Melihat itu, Subaru kembali mengepalkan kedua tangannya, kaki-kakinya yang gemetar dipaksanya berlari sekuat tenaga.

Ia berlari kencang melewati Seishiro, yang masih bersikap acuh tak acuh terhadapnya.

Seishiro masih begitu sampai didengarnya deru suara kendaraan-kendaraan bermotor di depannya.

Cepat-cepat ia mengangkat kepalanya, menatap lurus ke depan.

Lampu rambu lalu lintas sudah berubah warna, giliran kendaraan-kendaraan itu lewat, sementara para pejalan kaki berkerumun di sisi-sisi jalan.

Tapi dengan mata membelalak, Seishiro melihat kekasihnya masih berlari kencang.

Terlalu cepat dan Subaru mengarah ke kerumunan orang di sisi jalan, terlihat terlalu jelas bahwa ia bermaksud untuk menembusnya.

Seishiro membuka mulutnya, tapi lalu menutupnya kembali.

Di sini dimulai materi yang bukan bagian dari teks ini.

(* Let $k\equiv\pm1,\pm3\pmod{10}$. Then $\operatorname{Ker}\nu_{G^k}=\{M=\begin{pmatrix} a&b\\ c&d\end{pmatrix}\in\Gamma_{\theta,5}: b,c\in5\mathbb{Z}\text{ and }\tfrac b5\equiv\tfrac c5\pmod5\}$; in particular $\operatorname{Ker}\nu_{G^k}=\operatorname{Ker}\nu_{F^k}$.
   Context: $\Gamma_{\theta,5}=\{M\in SL(2,\mathbb{Z}): M\equiv\pm\begin{pmatrix}1&0\\0&1\end{pmatrix}\text{ or }\pm\begin{pmatrix}0&-1\\1&0\end{pmatrix}\pmod 5\}$. For $M=\begin{pmatrix} a&b\\ c&d\end{pmatrix}\in\Gamma_{\theta,5}$ define $g(M)=\frac{6b}{5}+\frac{2ab}{5}+\frac{2cd}{5}$ if $M\equiv I$, $\frac{24b}{5}+\frac{2ab}{5}+\frac{2cd}{5}$ if $M\equiv -I$, $5+\frac{6d}{5}+\frac{2ab}{5}+\frac{2cd}{5}$ if $M\equiv\begin{pmatrix}0&-1\\1&0\end{pmatrix}$, $5-\frac{6d}{5}+\frac{2ab}{5}+\frac{2cd}{5}$ if $M\equiv\begin{pmatrix}0&1\\-1&0\end{pmatrix}$ (all mod 5), and $f(M)$ by the same case split with values $\frac{4b}{5}+\frac{8ab}{5}+\frac{8cd}{5}$, $\frac{6b}{5}+\frac{8ab}{5}+\frac{8cd}{5}$, $5+\frac{4d}{5}+\frac{8ab}{5}+\frac{8cd}{5}$, $5-\frac{4d}{5}+\frac{8ab}{5}+\frac{8cd}{5}$ respectively. For $k\in\mathbb{Z}$, $\nu_{G^k}(M)=\exp(\frac{\pi ik}{5}g(M))$ and $\nu_{F^k}(M)=\exp(\frac{\pi ik}{5}f(M))$; these are the multiplier systems (weight $2k$) of $G^k$ and $F^k$, where $G=\eta^6/\big(\theta\begin{bmatrix}3/5\\3/5\end{bmatrix}\theta\begin{bmatrix}3/5\\7/5\end{bmatrix}\big)$, $F=\eta^6/\big(\theta\begin{bmatrix}1/5\\1/5\end{bmatrix}\theta\begin{bmatrix}1/5\\9/5\end{bmatrix}\big)$, with theta constants $\theta\begin{bmatrix}\epsilon\\ \epsilon'\end{bmatrix}=\sum_{n\in\mathbb{Z}}\exp(2\pi i[\frac12(n+\frac\epsilon2)^2\tau+(n+\frac\epsilon2)\frac{\epsilon'}2])$ and $\eta(\tau)=q^{1/24}\prod_{n\ge1}(1-q^n)$. Kernels are $\{M\in\Gamma_{\theta,5}:\nu(M)=1\}$. *)

theory Defs
  imports Complex_Main "HOL-Number_Theory.Cong"
begin

text \<open>A matrix (a b; c d) in SL(2,Z) is represented by the quadruple (a,b,c,d).\<close>
type_synonym mat2 = "int \<times> int \<times> int \<times> int"

definition SL2Z :: "mat2 set" where
  "SL2Z = {(a,b,c,d). a*d - b*c = 1}"

definition cong_I :: "mat2 \<Rightarrow> bool" where
  "cong_I M = (case M of (a,b,c,d) \<Rightarrow>
     [a = 1] (mod 5) \<and> [b = 0] (mod 5) \<and> [c = 0] (mod 5) \<and> [d = 1] (mod 5))"
definition cong_mI :: "mat2 \<Rightarrow> bool" where
  "cong_mI M = (case M of (a,b,c,d) \<Rightarrow>
     [a = -1] (mod 5) \<and> [b = 0] (mod 5) \<and> [c = 0] (mod 5) \<and> [d = -1] (mod 5))"
definition cong_S :: "mat2 \<Rightarrow> bool" where
  "cong_S M = (case M of (a,b,c,d) \<Rightarrow>
     [a = 0] (mod 5) \<and> [b = -1] (mod 5) \<and> [c = 1] (mod 5) \<and> [d = 0] (mod 5))"
definition cong_mS :: "mat2 \<Rightarrow> bool" where
  "cong_mS M = (case M of (a,b,c,d) \<Rightarrow>
     [a = 0] (mod 5) \<and> [b = 1] (mod 5) \<and> [c = -1] (mod 5) \<and> [d = 0] (mod 5))"

definition Gamma_theta5 :: "mat2 set" where
  "Gamma_theta5 = {M \<in> SL2Z. cong_I M \<or> cong_mI M \<or> cong_S M \<or> cong_mS M}"

definition g_fun :: "mat2 \<Rightarrow> real" where
  "g_fun M = (case M of (a,b,c,d) \<Rightarrow>
     (if cong_I M then 6*b/5 + 2*a*b/5 + 2*c*d/5
      else if cong_mI M then 24*b/5 + 2*a*b/5 + 2*c*d/5
      else if cong_S M then 5 + 6*d/5 + 2*a*b/5 + 2*c*d/5
      else 5 - 6*d/5 + 2*a*b/5 + 2*c*d/5))"

definition f_fun :: "mat2 \<Rightarrow> real" where
  "f_fun M = (case M of (a,b,c,d) \<Rightarrow>
     (if cong_I M then 4*b/5 + 8*a*b/5 + 8*c*d/5
      else if cong_mI M then 6*b/5 + 8*a*b/5 + 8*c*d/5
      else if cong_S M then 5 + 4*d/5 + 8*a*b/5 + 8*c*d/5
      else 5 - 4*d/5 + 8*a*b/5 + 8*c*d/5))"

definition nu_G :: "int \<Rightarrow> mat2 \<Rightarrow> complex" where
  "nu_G k M = exp (\<i> * complex_of_real (pi * real_of_int k / 5 * g_fun M))"

definition nu_F :: "int \<Rightarrow> mat2 \<Rightarrow> complex" where
  "nu_F k M = exp (\<i> * complex_of_real (pi * real_of_int k / 5 * f_fun M))"

definition ker_nu :: "(mat2 \<Rightarrow> complex) \<Rightarrow> mat2 set" where
  "ker_nu \<nu> = {M \<in> Gamma_theta5. \<nu> M = 1}"

end

theory Submission
  imports Defs "HOL-Analysis.Complex_Transcendental"
begin

text \<open>Both g and f take values in (1/5)Z, so nu(M) = exp(pi i k N / 25) with the integer
  N = 5 g(M) (resp. N = 5 f(M)); hence nu(M) = 1 iff 50 divides k N, i.e. iff 50 divides N,
  because k is prime to 10. For M congruent to +-S the numerator N is odd. For M congruent
  to +-I write b = 5 b', c = 5 c': then N is congruent to +-10 (c' - b') modulo 50, for g as
  well as for f, so 50 divides N iff b' = c' (mod 5).\<close>

lemma exp_pi_div_eq_1_iff:
  fixes n m :: int
  assumes "m \<noteq> 0"
  shows "exp (\<i> * complex_of_real (pi * of_int n / of_int m)) = 1 \<longleftrightarrow> 2 * m dvd n"
proof -
  have "pi * of_int n / of_int m = of_int (2 * j) * pi \<longleftrightarrow> n = 2 * m * j" for j :: int
  proof -
    have "pi * of_int n / of_int m = of_int (2 * j) * pi \<longleftrightarrow> of_int n = real_of_int (2 * m * j)"
      using assms by (auto simp: field_simps)
    then show ?thesis
      by (simp only: of_int_eq_iff)
  qed
  then show ?thesis
    by (auto simp: exp_eq_1 dvd_def)
qed

lemma coprime_50_if_mod_10:
  fixes k :: int
  assumes "k mod 10 \<in> {1, 3, 7, 9}"
  shows "coprime 50 k"
proof -
  have "\<not> 2 dvd k" "\<not> 5 dvd k"
    using assms by (auto, presburger+)
  then have "coprime 2 k" "coprime 5 k"
    by (simp_all add: prime_imp_coprime)
  then have "coprime (2 * (5 * 5)) k"
    by (simp only: coprime_mult_left_iff)
  then show ?thesis
    by simp
qed

lemma exp_pi_mult_div_25_eq_1_iff:
  fixes k N :: int
  assumes "coprime 50 k"
  shows "exp (\<i> * complex_of_real (pi * of_int k / 5 * (of_int N / 5))) = 1 \<longleftrightarrow> 50 dvd N"
proof -
  have "pi * of_int k / 5 * (of_int N / 5) = pi * of_int (k * N) / of_int 25"
    by simp
  then have "exp (\<i> * complex_of_real (pi * of_int k / 5 * (of_int N / 5))) = 1 \<longleftrightarrow> 2 * 25 dvd k * N"
    by (simp only: exp_pi_div_eq_1_iff zero_neq_numeral not_False_eq_True)
  then show ?thesis
    using assms by (simp add: coprime_dvd_mult_right_iff)
qed

definition g_num :: "mat2 \<Rightarrow> int" where
  "g_num M = (case M of (a,b,c,d) \<Rightarrow>
     (if cong_I M then 6*b + 2*a*b + 2*c*d
      else if cong_mI M then 24*b + 2*a*b + 2*c*d
      else if cong_S M then 25 + 6*d + 2*a*b + 2*c*d
      else 25 - 6*d + 2*a*b + 2*c*d))"

definition f_num :: "mat2 \<Rightarrow> int" where
  "f_num M = (case M of (a,b,c,d) \<Rightarrow>
     (if cong_I M then 4*b + 8*a*b + 8*c*d
      else if cong_mI M then 6*b + 8*a*b + 8*c*d
      else if cong_S M then 25 + 4*d + 8*a*b + 8*c*d
      else 25 - 4*d + 8*a*b + 8*c*d))"

lemma g_fun_eq: "g_fun M = of_int (g_num M) / 5"
  by (cases M) (auto simp: g_fun_def g_num_def field_simps)

lemma f_fun_eq: "f_fun M = of_int (f_num M) / 5"
  by (cases M) (auto simp: f_fun_def f_num_def field_simps)

lemma nu_G_eq_1_iff:
  assumes "coprime 50 k"
  shows "nu_G k M = 1 \<longleftrightarrow> 50 dvd g_num M"
  unfolding nu_G_def g_fun_eq using exp_pi_mult_div_25_eq_1_iff[OF assms] by simp

lemma nu_F_eq_1_iff:
  assumes "coprime 50 k"
  shows "nu_F k M = 1 \<longleftrightarrow> 50 dvd f_num M"
  unfolding nu_F_def f_fun_eq using exp_pi_mult_div_25_eq_1_iff[OF assms] by simp

lemma cong_modE:
  fixes x e m :: int
  assumes "[x = e] (mod m)"
  obtains x' where "x = m * x' + e"
  using assms by (metis cong_iff_lin cong_sym add.commute)

lemma g_f_num_cong_I:
  assumes "cong_I (a, b, c, d)"
  shows "[g_num (a, b, c, d) = 10 * (c div 5 - b div 5)] (mod 50)"
    and "[f_num (a, b, c, d) = 10 * (b div 5 - c div 5)] (mod 50)"
proof -
  obtain a' b' c' d' where a: "a = 5 * a' + 1" and b: "b = 5 * b' + 0"
    and c: "c = 5 * c' + 0" and d: "d = 5 * d' + 1"
    using assms unfolding cong_I_def by (auto elim!: cong_modE)
  have "g_num (a, b, c, d) - 10 * (c div 5 - b div 5) = 50 * (b' + a' * b' + c' * d')"
    using assms by (simp add: g_num_def a b c d algebra_simps)
  then show "[g_num (a, b, c, d) = 10 * (c div 5 - b div 5)] (mod 50)"
    by (simp add: cong_iff_dvd_diff)
  have "f_num (a, b, c, d) - 10 * (b div 5 - c div 5) = 50 * (b' + c' + 4 * a' * b' + 4 * c' * d')"
    using assms by (simp add: f_num_def a b c d algebra_simps)
  then show "[f_num (a, b, c, d) = 10 * (b div 5 - c div 5)] (mod 50)"
    by (simp add: cong_iff_dvd_diff)
qed

lemma g_f_num_cong_mI:
  assumes "cong_mI (a, b, c, d)"
  shows "[g_num (a, b, c, d) = 10 * (b div 5 - c div 5)] (mod 50)"
    and "[f_num (a, b, c, d) = 10 * (c div 5 - b div 5)] (mod 50)"
proof -
  obtain a' b' c' d' where a: "a = 5 * a' + (- 1)" and b: "b = 5 * b' + 0"
    and c: "c = 5 * c' + 0" and d: "d = 5 * d' + (- 1)"
    using assms unfolding cong_mI_def by (auto elim!: cong_modE)
  have "\<not> cong_I (a, b, c, d)"
    using assms by (auto simp: cong_I_def cong_mI_def cong_def)
  then have "g_num (a, b, c, d) - 10 * (b div 5 - c div 5) = 50 * (2 * b' + a' * b' + c' * d')"
    using assms by (simp add: g_num_def a b c d algebra_simps)
  then show "[g_num (a, b, c, d) = 10 * (b div 5 - c div 5)] (mod 50)"
    by (simp add: cong_iff_dvd_diff)
  have "f_num (a, b, c, d) - 10 * (c div 5 - b div 5) = 50 * (4 * a' * b' + 4 * c' * d' - c')"
    using \<open>\<not> cong_I (a, b, c, d)\<close> assms by (simp add: f_num_def a b c d algebra_simps)
  then show "[f_num (a, b, c, d) = 10 * (c div 5 - b div 5)] (mod 50)"
    by (simp add: cong_iff_dvd_diff)
qed

lemma odd_g_f_num_if_not_scalar:
  assumes "\<not> cong_I M" "\<not> cong_mI M"
  shows "odd (g_num M)" and "odd (f_num M)"
  using assms by (cases M; simp add: g_num_def f_num_def)+

lemma dvd_50_iff_if_cong_10:
  fixes N y :: int
  assumes "[N = 10 * y] (mod 50)"
  shows "50 dvd N \<longleftrightarrow> 5 dvd y"
proof -
  have "50 dvd N \<longleftrightarrow> 10 * 5 dvd 10 * y"
    using cong_dvd_iff[OF assms] by simp
  also have "\<dots> \<longleftrightarrow> 5 dvd y"
    by (rule dvd_mult_cancel_left[THEN trans]) simp
  finally show ?thesis .
qed

lemma dvd_50_g_f_num_iff:
  assumes "(a, b, c, d) \<in> Gamma_theta5"
  defines "P \<equiv> 5 dvd b \<and> 5 dvd c \<and> [b div 5 = c div 5] (mod 5)"
  shows "50 dvd g_num (a, b, c, d) \<longleftrightarrow> P" and "50 dvd f_num (a, b, c, d) \<longleftrightarrow> P"
proof -
  have "cong_I (a, b, c, d) \<or> cong_mI (a, b, c, d) \<or> cong_S (a, b, c, d) \<or> cong_mS (a, b, c, d)"
    using assms by (simp add: Gamma_theta5_def)
  then consider "cong_I (a, b, c, d) \<or> cong_mI (a, b, c, d)"
    | "\<not> cong_I (a, b, c, d)" "\<not> cong_mI (a, b, c, d)" "cong_S (a, b, c, d) \<or> cong_mS (a, b, c, d)"
    by blast
  then have "(50 dvd g_num (a, b, c, d) \<longleftrightarrow> P) \<and> (50 dvd f_num (a, b, c, d) \<longleftrightarrow> P)"
  proof cases
    case 1
    then have "5 dvd b" "5 dvd c"
      by (auto simp: cong_I_def cong_mI_def cong_0_iff)
    moreover have "5 dvd (c div 5 - b div 5) \<longleftrightarrow> [b div 5 = c div 5] (mod 5)"
      by (simp add: cong_iff_dvd_diff dvd_diff_commute)
    moreover have "5 dvd (b div 5 - c div 5) \<longleftrightarrow> [b div 5 = c div 5] (mod 5)"
      by (simp add: cong_iff_dvd_diff)
    ultimately show ?thesis
      using 1 g_f_num_cong_I g_f_num_cong_mI unfolding P_def by (metis dvd_50_iff_if_cong_10)
  next
    case 2
    then have "\<not> 5 dvd b"
      by (auto simp: cong_S_def cong_mS_def cong_def dvd_eq_mod_eq_0)
    moreover have "\<not> 50 dvd N" if "odd N" for N :: int
      using that dvd_trans[of 2 50 N] by auto
    ultimately show ?thesis
      using 2 odd_g_f_num_if_not_scalar unfolding P_def by blast
  qed
  then show "50 dvd g_num (a, b, c, d) \<longleftrightarrow> P" and "50 dvd f_num (a, b, c, d) \<longleftrightarrow> P"
    by blast+
qed

theorem mainTheorem11:
  fixes k :: int
  assumes "k mod 10 \<in> {1, 3, 7, 9}"
  shows "ker_nu (nu_G k) =
           {(a,b,c,d) \<in> Gamma_theta5. 5 dvd b \<and> 5 dvd c \<and> [b div 5 = c div 5] (mod 5)}
         \<and> ker_nu (nu_G k) = ker_nu (nu_F k)"
proof -
  have k: "coprime 50 k"
    using assms by (rule coprime_50_if_mod_10)
  have G: "ker_nu (nu_G k) =
           {(a,b,c,d) \<in> Gamma_theta5. 5 dvd b \<and> 5 dvd c \<and> [b div 5 = c div 5] (mod 5)}"
    unfolding ker_nu_def nu_G_eq_1_iff[OF k] using dvd_50_g_f_num_iff(1) by auto
  have F: "ker_nu (nu_F k) =
           {(a,b,c,d) \<in> Gamma_theta5. 5 dvd b \<and> 5 dvd c \<and> [b div 5 = c div 5] (mod 5)}"
    unfolding ker_nu_def nu_F_eq_1_iff[OF k] using dvd_50_g_f_num_iff(2) by auto
  show ?thesis
    using G F by simp
qed

end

Dengan sisa tenaganya—entah kenapa ia tiba-tiba merasa lelah—Seishiro mengejar Subaru.

Pikirannya buyar, tatapannya tertuju pada Subaru seorang.

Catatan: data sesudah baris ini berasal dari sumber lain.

(* Let $\Delta$ be a shellable simplicial complex on $[n]$ with $\dim\Delta\le n-3$, with shelling $F_1,\dots,F_q$, and let $F=F_q$ be the last facet. Let $\Delta_F$ be the simplicial complex on $F\cup\{v\}$ ($v$ a new vertex) whose facets are: (A) the sets $F_i\cap F$ maximal among $\{F_i\cap F: F\not\subseteq F_i,\ F_i\cup F\neq[n]\}$, and (B) the sets $(F_i\cap F)\cup\{v\}$ for facets $F_i$ with $F_i\cup F=[n]$. Then $\Delta_F$ is shellable. Moreover, there is a shelling of $\Delta_F$ such that for every facet of type (B), $\widetilde F_i=(F_i\cap F)\cup\{v\}$, one has $\widetilde G_i=G_i\cap F$, where $\widetilde G_i$ is computed in $\Delta_F$ with respect to this shelling and $G_i$ in $\Delta$ with respect to $F_1,\dots,F_q$.
   Context: A shelling is an ordering $F_1,\dots,F_q$ of all facets such that for each $k\ge2$, $(\bigcup_{i<k}2^{F_i})\cap2^{F_k}$ is pure of dimension $\dim F_k-1$; a complex is shellable if it has one. A wall of a facet is a codimension-one face of it. For a shelling $F_1,\dots,F_q$, set $G_1=F_1$ and for $i\ge2$ let $G_i$ be the intersection of all walls of $F_i$ lying in the subcomplex generated by $F_1,\dots,F_{i-1}$. *)

theory Defs
  imports Main
begin

definition simplicial_complex :: "'a set \<Rightarrow> 'a set set \<Rightarrow> bool" where
  "simplicial_complex V K \<longleftrightarrow>
     (\<forall>F\<in>K. finite F \<and> F \<subseteq> V) \<and> (\<forall>F\<in>K. \<forall>G. G \<subseteq> F \<longrightarrow> G \<in> K)"

definition maximal_sets :: "'a set set \<Rightarrow> 'a set set" where
  "maximal_sets S = {X \<in> S. \<forall>Y\<in>S. X \<subseteq> Y \<longrightarrow> Y = X}"

definition facets :: "'a set set \<Rightarrow> 'a set set" where
  "facets K = maximal_sets K"

definition pure_of_dim :: "int \<Rightarrow> 'a set set \<Rightarrow> bool" where
  "pure_of_dim d K \<longleftrightarrow> (\<forall>F\<in>facets K. int (card F) - 1 = d)"

definition gen_complex :: "'a set set \<Rightarrow> 'a set set" where
  "gen_complex S = {G. \<exists>F\<in>S. G \<subseteq> F}"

Benaknya kalut, Seishiro benar-benar panik sampai akhirnya lengan Subaru diraihnya, yang lalu ditariknya ke belakang kuat-kuat.

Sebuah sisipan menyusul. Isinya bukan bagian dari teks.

lemma pair_dist_triangle: "pair_dist p r \<le> pair_dist p q + pair_dist q r"
  unfolding pair_dist_def
  using dist_triangle[of "fst p" "fst r" "fst q"] dist_triangle[of "snd p" "snd r" "snd q"]
  by (simp add: max_def)

lemma pair_dist_components:
  "dist (fst p) (fst q) \<le> pair_dist p q" "dist (snd p) (snd q) \<le> pair_dist p q"
  by (simp_all add: pair_dist_def)

lemma pair_dist_tendsto_0_iff:
  "((\<lambda>n. pair_dist (f n) p) \<longlongrightarrow> 0) F \<longleftrightarrow> (f \<longlongrightarrow> p) F"
proof
  assume D: "((\<lambda>n. pair_dist (f n) p) \<longlongrightarrow> 0) F"
  have "((\<lambda>n. dist (fst (f n)) (fst p)) \<longlongrightarrow> 0) F" "((\<lambda>n. dist (snd (f n)) (snd p)) \<longlongrightarrow> 0) F"
    by (rule tendsto_sandwich[OF _ _ tendsto_const D];
        simp add: pair_dist_components always_eventually)+
  then have "((\<lambda>n. fst (f n)) \<longlongrightarrow> fst p) F" "((\<lambda>n. snd (f n)) \<longlongrightarrow> snd p) F"
    by (metis tendsto_dist_iff)+
  then have "((\<lambda>n. (fst (f n), snd (f n))) \<longlongrightarrow> (fst p, snd p)) F"
    by (rule tendsto_Pair)
  then show "(f \<longlongrightarrow> p) F" by simp
next
  assume "(f \<longlongrightarrow> p) F"
  then have "((\<lambda>n. fst (f n)) \<longlongrightarrow> fst p) F" "((\<lambda>n. snd (f n)) \<longlongrightarrow> snd p) F"
    by (rule tendsto_fst, rule tendsto_snd)
  then have "((\<lambda>n. dist (fst (f n)) (fst p)) \<longlongrightarrow> 0) F" "((\<lambda>n. dist (snd (f n)) (snd p)) \<longlongrightarrow> 0) F"
    by (metis tendsto_dist_iff)+
  then have "((\<lambda>n. max (dist (fst (f n)) (fst p)) (dist (snd (f n)) (snd p))) \<longlongrightarrow> max 0 0) F"
    by (rule tendsto_max)
  then show "((\<lambda>n. pair_dist (f n) p) \<longlongrightarrow> 0) F" by (simp add: pair_dist_def)
qed

lemma pair_dist_Cauchy_convergent:
  fixes f :: "nat \<Rightarrow> 'a::complete_space \<times> 'a"
  assumes cauchy: "\<And>e. 0 < e \<Longrightarrow> \<exists>N. \<forall>m\<ge>N. \<forall>n\<ge>N. pair_dist (f m) (f n) < e"
  shows "\<exists>p. f \<longlonglongrightarrow> p"
proof -
  have "Cauchy (\<lambda>n. fst (f n))" "Cauchy (\<lambda>n. snd (f n))"
    by (rule metric_CauchyI; metis cauchy pair_dist_components le_less_trans)+
  then obtain x y where "(\<lambda>n. fst (f n)) \<longlonglongrightarrow> x" "(\<lambda>n. snd (f n)) \<longlonglongrightarrow> y"
    using Cauchy_convergent convergent_def by blast
  then have "(\<lambda>n. (fst (f n), snd (f n))) \<longlonglongrightarrow> (x, y)" by (rule tendsto_Pair)
  then show ?thesis by auto
qed

section \<open>The symmetric operator\<close>

definition sym_op :: "('a \<Rightarrow> 'a \<Rightarrow> 'a) \<Rightarrow> 'a \<times> 'a \<Rightarrow> 'a \<times> 'a" where
  "sym_op A p = (A (fst p) (snd p), A (snd p) (fst p))"

lemma sym_op_funpow: "(sym_op A ^^ n) (x, y) = (iter_op A n x y, iter_op A n y x)"
  by (induction n) (simp_all add: sym_op_def)

lemma sym_op_fixed_iff: "sym_op A (x, y) = (x, y) \<longleftrightarrow> coupled_fixed_point A x y"
  by (auto simp: sym_op_def coupled_fixed_point_def)

lemma continuous_sym_op:
  assumes "continuous_on UNIV (\<lambda>p. A (fst p) (snd p))"
  shows "continuous_on UNIV (sym_op A)"
proof -
  have "continuous_on UNIV (\<lambda>p. A (snd p) (fst p))"
    using continuous_on_compose[OF continuous_on_swap assms[THEN continuous_on_subset]]
    by (simp add: o_def)
  then show ?thesis
    unfolding sym_op_def using assms by (intro continuous_on_Pair)
qed

lemma orbit_limit_fixed:
  fixes T :: "'b::t2_space \<Rightarrow> 'b"
  assumes cont: "continuous_on UNIV T" and lim: "(\<lambda>n. (T ^^ n) p) \<longlonglongrightarrow> q"
  shows "T q = q"
proof -
  have "(\<lambda>n. T ((T ^^ n) p)) \<longlonglongrightarrow> T q"
    using continuous_on_tendsto_compose[OF cont lim] by simp
  moreover have "(\<lambda>n. T ((T ^^ n) p)) \<longlonglongrightarrow> q"
    using LIMSEQ_Suc[OF lim] by simp
  ultimately show ?thesis by (rule LIMSEQ_unique)
qed

section \<open>Mixed monotone \<open>\<phi>\<close>-contractions\<close>

locale mixed_contraction =
  fixes A :: "'a::{order, metric_space} \<Rightarrow> 'a \<Rightarrow> 'a" and \<phi> :: "real \<Rightarrow> real"
  assumes mm: "mixed_monotone A"
    and phi: "\<phi> \<in> Phi"
    and contr: "\<forall>x y u v. x \<le> u \<and> v \<le> y \<longrightarrow>
                  dist (A x y) (A u v) \<le> \<phi> (max (dist x u) (dist y v))"
begin

abbreviation T :: "'a \<times> 'a \<Rightarrow> 'a \<times> 'a" where "T \<equiv> sym_op A"

lemma T_mono:
  assumes "pair_le p q"
  shows "pair_le (T p) (T q)"
proof -
  have le: "fst p \<le> fst q" "snd q \<le> snd p" using assms by (auto simp: pair_le_def)
  have inc: "x \<le> x' \<Longrightarrow> A x y \<le> A x' y" and dec: "y \<le> y' \<Longrightarrow> A x y' \<le> A x y" for x x' y y'
    using mm by (auto simp: mixed_monotone_def)
  have "A (fst p) (snd p) \<le> A (fst q) (snd q)"
    using inc[OF le(1)] dec[OF le(2)] by (rule order_trans)
  moreover have "A (snd q) (fst q) \<le> A (snd p) (fst p)"
    using inc[OF le(2)] dec[OF le(1)] by (rule order_trans)
  ultimately show ?thesis by (simp add: pair_le_def sym_op_def)
qed

lemma T_contr:
  assumes "pair_le p q"
  shows "pair_dist (T p) (T q) \<le> \<phi> (pair_dist p q)"
proof -
  have le: "fst p \<le> fst q" "snd q \<le> snd p" using assms by (auto simp: pair_le_def)
  have "dist (A (fst p) (snd p)) (A (fst q) (snd q)) \<le> \<phi> (pair_dist p q)"
    using contr le by (auto simp: pair_dist_def)
  moreover have "dist (A (snd q) (fst q)) (A (snd p) (fst p))
      \<le> \<phi> (max (dist (snd q) (snd p)) (dist (fst q) (fst p)))"
    using contr le by blast
  ultimately show ?thesis
    by (simp add: pair_dist_def sym_op_def dist_commute max.commute)
qed

lemma T_funpow_mono: "pair_le p q \<Longrightarrow> pair_le ((T ^^ n) p) ((T ^^ n) q)"
  by (induction n) (auto intro: T_mono)

lemma T_funpow_contr:
  assumes "pair_le p q"
  shows "pair_dist ((T ^^ n) p) ((T ^^ n) q) \<le> (\<phi> ^^ n) (pair_dist p q)"
proof (induction n)
  case (Suc n)
  have "pair_dist ((T ^^ Suc n) p) ((T ^^ Suc n) q) \<le> \<phi> (pair_dist ((T ^^ n) p) ((T ^^ n) q))"
    using T_contr[OF T_funpow_mono[OF assms]] by simp
  also have "\<dots> \<le> \<phi> ((\<phi> ^^ n) (pair_dist p q))"
    using Phi_mono[OF phi] pair_dist_nonneg Suc by blast
  finally show ?case by simp
qed simp

lemma comparable_orbits_approach:
  assumes "pair_le p q"
  shows "(\<lambda>n. pair_dist ((T ^^ n) p) ((T ^^ n) q)) \<longlonglongrightarrow> 0"
  by (rule tendsto_sandwich[of "\<lambda>_. 0" _ _ "\<lambda>n. (\<phi> ^^ n) (pair_dist p q)"])
    (auto simp: pair_dist_nonneg T_funpow_contr[OF assms] Phi_iter_tendsto[OF phi])

lemma orbit_chain:
  assumes start: "pair_le p0 (T p0)" and "m \<le> n"
  shows "pair_le ((T ^^ m) p0) ((T ^^ n) p0)"
  using \<open>m \<le> n\<close>
proof (induction n rule: dec_induct)
  case (step n)
  have "pair_le ((T ^^ n) p0) ((T ^^ Suc n) p0)"
    using T_funpow_mono[OF start, of n] by (simp add: funpow_Suc_right del: funpow.simps)
  with step show ?case by (auto simp: pair_le_def intro: order_trans)
qed (simp add: pair_le_def)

Subaru terantuk ke belakang, perlu beberapa langkah mundur sebelum ia kembali dapat berdiri tegak.

Tapi sebelum tubuhnya benar-benar kembali seimbang, pipinya terasa panas.

Subaru memang melihat ayunan tangan Seishiro, yang begitu cepat ia hanya dapat menangkapnya sekilas.

Namun sungguh ia tidak pernah mengira Seishiro akan menamparnya.

Seishiro menatapnya nanar, napasnya terengah-engah.

Subaru juga, dengan napas tersengal, balas menatap Seishiro nanar. Tapi dengan alasan yang sepenuhnya berbeda.

Tangan kanan Subaru perlahan naik, memegangi pipi kirinya yang memanas dalam pelukan Seishiro.

Setetes air mata meleleh, mengaliri pipi putihnya yang kini memerah.

Seishiro—yang masih terengah-engah—kemudian hanya merengkuh Subaru erat.

Seishiro memindahkan salah satu tangannya keatas kepala Subaru, mengelus-elus rambut halusnya, berusaha menenangkan Subaru yang bahunya gemetar.

"Maaf. Saya pikir kamu mau lari ke jalan tadi,"

Ia benar-benar menyesal. Dipeluknya Subaru lebih kencang lagi.

Subaru yang mulai terisak, menenggelamkan kepalanya diantara bahu dan leher jenjang Seishiro.

"Maaf," Seishiro membisikannya tepat ke telinga Subaru, "maaf. Kamu jadi nunggu saya lama tadi, maaf ya?"

Nada bicaranya benar-benar lembut, bahu Subaru perlahan berhenti bergetar.

"Maaf, Subaru,"

Lengan-lengan Subaru bergerak, menjulur, masing-masing lengan itu mengitari pinggang Seishiro kemudian menjepitnya.

Dipeluknya Seishiro sama erat, ia menggeleng dengan masih menenggelamkan wajahnya.

"Nggak apa-apa,"

Biarlah ia kalah lagi hari ini, ia rela tetap memeluk Subaru seperti itu sampai anak itu berhenti menangis, pikir Seishiro dalam hati, sementara tangannya masih asyik mengusap-usap kepala Subaru.

Memang apa salah Subaru?

"Se-Seishiro...?"

"Hm?"

"Maaf,"

Dugaannya salah. Setelah setahun, Seishiro akhirnya menang.